Question

A particle's position is given by x = 4.0t2 - 32t + 36, with x in meters and time t in seconds. At what position does the particle come to a momentary stop, to reverse its motion?

Answer 1

To find the stopping position of a particle, we first obtain the velocity by differentiating its position function, set the velocity to zero, and solve for time. Using the obtained time, we then calculate the position. For the position function x(t) = 4.0t^2 - 32t + 36, the particle stops momentarily at -28 meters.

Step-by-step explanation:

To find the position at which a particle comes to a momentary stop before reversing its motion, we need to determine when its velocity is zero. The velocity is the first derivative of the position function with respect to time.
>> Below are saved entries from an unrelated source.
lemma psign_mult_self: "psign a * psign a = (1 :: 'k::field)"
  by (auto simp: psign_def)

lemma psign_add_even: "psign (2 * a + b) = (psign b :: 'k::field)"
  by (auto simp: psign_def)

lemma rho_aux_eq_gcomp_foldl: "rho_aux Gr br x ws = gcomp Gr 1 (foldl br x ws)"
  by (induction ws arbitrary: x) simp_all

lemma brl_level0_left: "brl sc F 0 H q ws = - sc (psign (1 - int q)) (H (F [] # ws))"
  by (cases ws) simp_all

lemma brl_level0_right: "p \<noteq> 0 \<Longrightarrow> brl sc F p H 0 ws = F (H [] # ws)"
  by (cases ws) simp_all

locale graded_lie_superalgebra =
  fixes sc :: "'k::field \<Rightarrow> 'g::ab_group_add \<Rightarrow> 'g"
    and Gr :: "int \<Rightarrow> 'g set"
    and br :: "'g \<Rightarrow> 'g \<Rightarrow> 'g"
  assumes lie: "lie_superalgebra sc Gr br"
begin

sublocale graded_vector_space sc Gr
  using lie by unfold_locales (simp add: lie_superalgebra_def)

lemma br_add_left: "br (x + y) z = br x z + br y z"
  using lie unfolding lie_superalgebra_def by metis

lemma br_add_right: "br x (y + z) = br x y + br x z"
  using lie unfolding lie_superalgebra_def by metis

lemma br_scale_left: "br (sc c x) y = sc c (br x y)"
  using lie unfolding lie_superalgebra_def by metis

lemma br_scale_right: "br x (sc c y) = sc c (br x y)"
  using lie unfolding lie_superalgebra_def by metis

lemma br_in_Gr: "x \<in> Gr i \<Longrightarrow> y \<in> Gr j \<Longrightarrow> br x y \<in> Gr (i + j)"
  using lie unfolding lie_superalgebra_def by metis

lemma br_antisym: "x \<in> Gr i \<Longrightarrow> y \<in> Gr j \<Longrightarrow> br x y = - sc (psign (i * j)) (br y x)"
  using lie unfolding lie_superalgebra_def by metis

lemma br_jacobi:
  "x \<in> Gr i \<Longrightarrow> y \<in> Gr j \<Longrightarrow> z \<in> Gr k \<Longrightarrow>
    br x (br y z) = br (br x y) z + sc (psign (i * j)) (br y (br x z))"
  using lie unfolding lie_superalgebra_def by metis

lemma additive_br_left: "additive (\<lambda>x. br x y)"
  by unfold_locales (rule br_add_left)

lemma additive_br_right: "additive (br x)"
  by unfold_locales (rule br_add_right)

lemmas br_zero_left [simp] = additive.zero[OF additive_br_left]
   and br_zero_right [simp] = additive.zero[OF additive_br_right]
   and br_sum_left = additive.sum[OF additive_br_left]

lemma gcomp_br_homogeneous:
  "y \<in> Gr e \<Longrightarrow> gcomp Gr k (br y x) = br y (gcomp Gr (k - e) x)"
  by (rule gcomp_additive_shift[OF additive_br_right]) (metis add.commute br_in_Gr)

lemma gcomp_br:
  assumes "finite K" and "\<And>i. i \<notin> K \<Longrightarrow> br (gcomp Gr i x) (gcomp Gr (m - i) y) = 0"
  shows "gcomp Gr m (br x y) = (\<Sum>i\<in>K. br (gcomp Gr i x) (gcomp Gr (m - i) y))"
proof -
  let ?S = "{i. gcomp Gr i x \<noteq> 0}"
  have "br x y = (\<Sum>i\<in>?S. br (gcomp Gr i x) y)"
    using br_sum_left[where g = "\<lambda>i. gcomp Gr i x" and A = ?S] by (simp only: sum_gcomp_support)
  then have "gcomp Gr m (br x y) = (\<Sum>i\<in>?S. gcomp Gr m (br (gcomp Gr i x) y))"
    by (simp only: gcomp_sum)
  also have "\<dots> = (\<Sum>i\<in>?S. br (gcomp Gr i x) (gcomp Gr (m - i) y))"
    by (simp add: gcomp_br_homogeneous[OF gcomp_in_Gr])
  also have "\<dots> = (\<Sum>i\<in>?S \<union> K. br (gcomp Gr i x) (gcomp Gr (m - i) y))"
    by (rule sum.mono_neutral_left) (use finite_gcomp_support assms in auto)
  also have "\<dots> = (\<Sum>i\<in>K. br (gcomp Gr i x) (gcomp Gr (m - i) y))"
    by (rule sum.mono_neutral_right) (use finite_gcomp_support assms in auto)
  finally show ?thesis .
qed

lemma br_in_Gle_0:
  assumes "x \<in> Gle Gr 0" and "y \<in> Gle Gr 0"
  shows "br x y \<in> Gle Gr 0"
  unfolding Gle_def
proof (intro CollectI allI impI)
  fix k :: int
  assume "k > 0"
  then have "br (gcomp Gr i x) (gcomp Gr (k - i) y) = 0" for i
    using assms by (cases "i > 0") (simp_all add: Gle_def)
  then show "gcomp Gr k (br x y) = 0"
    using gcomp_br[of "{}"] by simp
qed

lemma br_right_super_derivation:
  assumes x: "x \<in> Gr i" and y: "y \<in> Gr j" and u: "u \<in> Gr 1"
  shows "br (br x y) u = br x (br y u) + sc (psign j) (br (br x u) y)"
proof -
  have "br y (br x u) = - sc (psign (j * (i + 1))) (br (br x u) y)"
    using br_antisym[OF y br_in_Gr[OF x u]] .
  then have "sc (psign (i * j)) (br y (br x u)) = - sc (psign (i * j) * psign (j * (i + 1))) (br (br x u) y)"
    by simp
  also have "psign (i * j) * psign (j * (i + 1)) = (psign j :: 'k)"
    using psign_add_even[of "i * j" j] by (simp add: psign_add algebra_simps)
  finally show ?thesis
    using br_jacobi[OF x y u] by (simp add: algebra_simps)
qed

lemma additive_foldl_br: "additive (\<lambda>x. foldl br x ws)"
proof
  show "foldl br (x + y) ws = foldl br x ws + foldl br y ws" for x y
    by (induction ws arbitrary: x y) (simp_all add: br_add_left)
qed

lemmas foldl_br_add = additive.add[OF additive_foldl_br]
   and foldl_br_zero [simp] = additive.zero[OF additive_foldl_br]
   and foldl_br_sum = additive.sum[OF additive_foldl_br]

lemma foldl_br_scale: "foldl br (sc c x) ws = sc c (foldl br x ws)"
  by (induction ws arbitrary: x) (simp_all add: br_scale_left)

lemma foldl_br_in_Gr:
  "x \<in> Gr d \<Longrightarrow> set ws \<subseteq> Gr 1 \<Longrightarrow> foldl br x ws \<in> Gr (d + int (length ws))"
proof (induction ws arbitrary: x d)
  case (Cons u vs)
  then have "foldl br (br x u) vs \<in> Gr (d + 1 + int (length vs))"
    by (simp add: br_in_Gr)
  then show ?case
    by (simp add: add.assoc)
qed simp

lemma gcomp_foldl_br:
  "set ws \<subseteq> Gr 1 \<Longrightarrow> gcomp Gr k (foldl br x ws) = foldl br (gcomp Gr (k - int (length ws)) x) ws"
  by (rule gcomp_additive_shift[OF additive_foldl_br]) (rule foldl_br_in_Gr)

abbreviation rho :: "'g \<Rightarrow> 'g list \<Rightarrow> 'g" where
  "rho \<equiv> lie_rho Gr br"

lemma lie_rho_eq:
  "rho x ws = (if set ws \<subseteq> Gr 1 then foldl br (gcomp Gr (1 - int (length ws)) x) ws else 0)"
  by (simp add: lie_rho_def rho_aux_eq_gcomp_foldl gcomp_foldl_br)

lemma lie_rho_homogeneous:
  "x \<in> Gr d \<Longrightarrow>
    rho x ws = (if set ws \<subseteq> Gr 1 \<and> d = 1 - int (length ws) then foldl br x ws else 0)"
  by (auto simp: lie_rho_eq gcomp_homogeneous)

lemma lie_rho_Cons: "u \<in> Gr 1 \<Longrightarrow> rho x (u # vs) = rho (br x u) vs"
  by (simp add: lie_rho_def)

lemma uapp_lie_rho: "u \<in> Gr 1 \<Longrightarrow> uapp (rho x) u = rho (br x u)"
  by (simp add: uapp_def lie_rho_Cons fun_eq_iff)

lemma ulevel_lie_rho: "ulevel p (rho x) = rho (gcomp Gr (1 - int p) x)"
  by (auto simp: ulevel_def lie_rho_eq gcomp_gcomp fun_eq_iff)

lemma additive_lie_rho: "additive rho"
  by unfold_locales (simp add: lie_rho_eq gcomp_add foldl_br_add fun_eq_iff)

lemmas lie_rho_add = additive.add[OF additive_lie_rho]
   and lie_rho_zero = additive.zero[OF additive_lie_rho]
   and lie_rho_diff = additive.diff[OF additive_lie_rho]

lemma lie_rho_scale: "rho (sc c x) = uscale sc c (rho x)"
  by (simp add: lie_rho_eq gcomp_scale foldl_br_scale uscale_def fun_eq_iff)

lemma lie_rho_minus_scale: "rho (- sc c x) ws = - sc c (rho x ws)"
  by (simp add: additive.minus[OF additive_lie_rho] lie_rho_scale uscale_def)

lemma brl_lie_rho_level0_left:
  assumes x: "x \<in> Gr 1" and y: "y \<in> Gr (1 - int q)"
  shows "brl sc (rho x) 0 (rho y) q ws = rho (br x y) ws"
proof -
  let ?s = "psign (1 - int q) :: 'k"
  have "br y x = - sc ?s (br x y)"
    using br_antisym[OF y x] by simp
  then have "rho y (x # ws) = - sc ?s (rho (br x y) ws)"
    using x by (simp add: lie_rho_Cons lie_rho_minus_scale)
  moreover have "rho x [] = x"
    using x by (simp add: lie_rho_homogeneous)
  ultimately have "brl sc (rho x) 0 (rho y) q ws = sc (?s * ?s) (rho (br x y) ws)"
    by (simp add: brl_level0_left)
  then show ?thesis
    by (simp add: psign_mult_self)
qed

lemma brl_lie_rho_level0_right:
  assumes "p \<noteq> 0" and y: "y \<in> Gr 1"
  shows "brl sc (rho x) p (rho y) 0 ws = rho (br x y) ws"
proof -
  have "rho y [] = y"
    using y by (simp add: lie_rho_homogeneous)
  then show ?thesis
    using assms by (simp add: brl_level0_right lie_rho_Cons)
qed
Given the position function x(t) = 4.0t^2 - 32t + 36, we can find the velocity by differentiating it to get v(t) = 8.0t - 32. Setting this velocity function to zero and solving for t, we have:

0 = 8.0t - 32
8.0t = 32
t = 4 seconds

Now, we can substitute t = 4 seconds back into the original position equation to determine the position at which the particle stops:

x(4) = 4.0(4)^2 - 32(4) + 36
= 64 - 128 + 36
= -28 meters

Therefore, the particle comes to a momentary stop at -28 meters from the origin.

Answer 2

firstly, we must find the equation the speed, it can be obtained by the derivative of x =x = 4.0t2 - 32t + 36, it means v= 8.0t-32. the particule stops means v= 0, and 0= 8.0t-32, which implies 8t=32, so t=4s, and then x(t=4) = 4.0(4)^2 - 32(4) + 36= - 28m
so x = - 28 m